4. Eligibility Criteria
Lenders can facilitate borrowers with customized eligibility programs in order to provide them maximum loan amount against the pledged property. However, looking for quality customer service after loan approval when seeking such facilities. This is very important because if the loan application gets approved, the relationship may continue for up to 20 years.
5. Insurance
To safeguard the borrower and their family members against any unforeseen or unfortunate event, the lender should also be able to provide extra insurance cover.
Conclusion
A mortgage loan can be a vital tool to avail big funds against owned property. Different types of mortgage loans are available from leading financial and banking service providers. However, it is equally important to understand the advantages and challenges of these financing options to qualify for adequate mortgage loans and convert the dream of owning a home into a great reality.
FAQs
1. What is the difference between a mortgage and a home loan?

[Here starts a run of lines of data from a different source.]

definition edge_rel :: "'d set \<Rightarrow> ('d \<times> 'd) set" where
  "edge_rel D = {(d, \<alpha> d) | d. d \<in> D}"

lemma face_rel_iff: "(x, y) \<in> face_rel \<longleftrightarrow> y = \<sigma> (\<alpha> x)"
  by (simp add: face_rel_def)

lemma edge_rel_iff: "(x, y) \<in> edge_rel D \<longleftrightarrow> x \<in> D \<and> y = \<alpha> x"
  by (auto simp: edge_rel_def)

lemma permutation_face: "permutation (\<sigma> \<circ> \<alpha>)"
proof -
  have "bij \<alpha>" by (rule o_bij[of \<alpha>]) (simp_all add: fun_eq_iff \<alpha>_\<alpha>)
  then show ?thesis using bij_\<sigma> by (simp add: permutation_iff_bij bij_comp)
qed

lemma face_eq_equiv_closure: "orbit (\<sigma> \<circ> \<alpha>) d = equiv_closure face_rel `` {d}"
  by (rule orbit_eq_equiv_closure[OF permutation_face]) (simp add: face_rel_iff)

lemma faces_eq_quotient: "faces \<sigma> \<alpha> = UNIV // equiv_closure face_rel"
  unfolding faces_def quotient_def face_eq_equiv_closure by auto

lemma span_face_chains:
  "span (face_chain \<alpha> ` faces \<sigma> \<alpha>) = boundary_map \<alpha> ` class_constant face_rel"
proof -
  have "face_chain \<alpha> ` faces \<sigma> \<alpha> = boundary_map \<alpha> ` indicator_vec ` faces \<sigma> \<alpha>"
    by (simp add: face_chain_eq_boundary_map image_image)
  then have "span (face_chain \<alpha> ` faces \<sigma> \<alpha>) = boundary_map \<alpha> ` span (indicator_vec ` faces \<sigma> \<alpha>)"
    by (simp add: span_linear_image[OF linear_boundary_map])
  also have "span (indicator_vec ` faces \<sigma> \<alpha>) = class_constant face_rel"
    unfolding faces_eq_quotient span_indicator_classes[OF equiv_equiv_closure]
    by (rule class_constant_equiv_closure)
  finally show ?thesis .
qed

Mortgage and home loans are often used interchangeably, but in real terms, they are different. For example, mortgage loans form a legal agreement between lenders and borrowers, wherein the borrower puts immovable property as collateral and gives the lender the right to keep the asset until the complete payment of the loan along with interest. On the other hand, a home loan, often regarded as a housing plan or property loan, is a financial product that is designed for individuals seeking funds to purchase a home or property.
2. What is the purpose of a mortgage loan?
The purpose of a mortgage loan is to purchase a home or utilize the value of existing property to borrow money. A mortgage loan is usually used to purchase a home or property.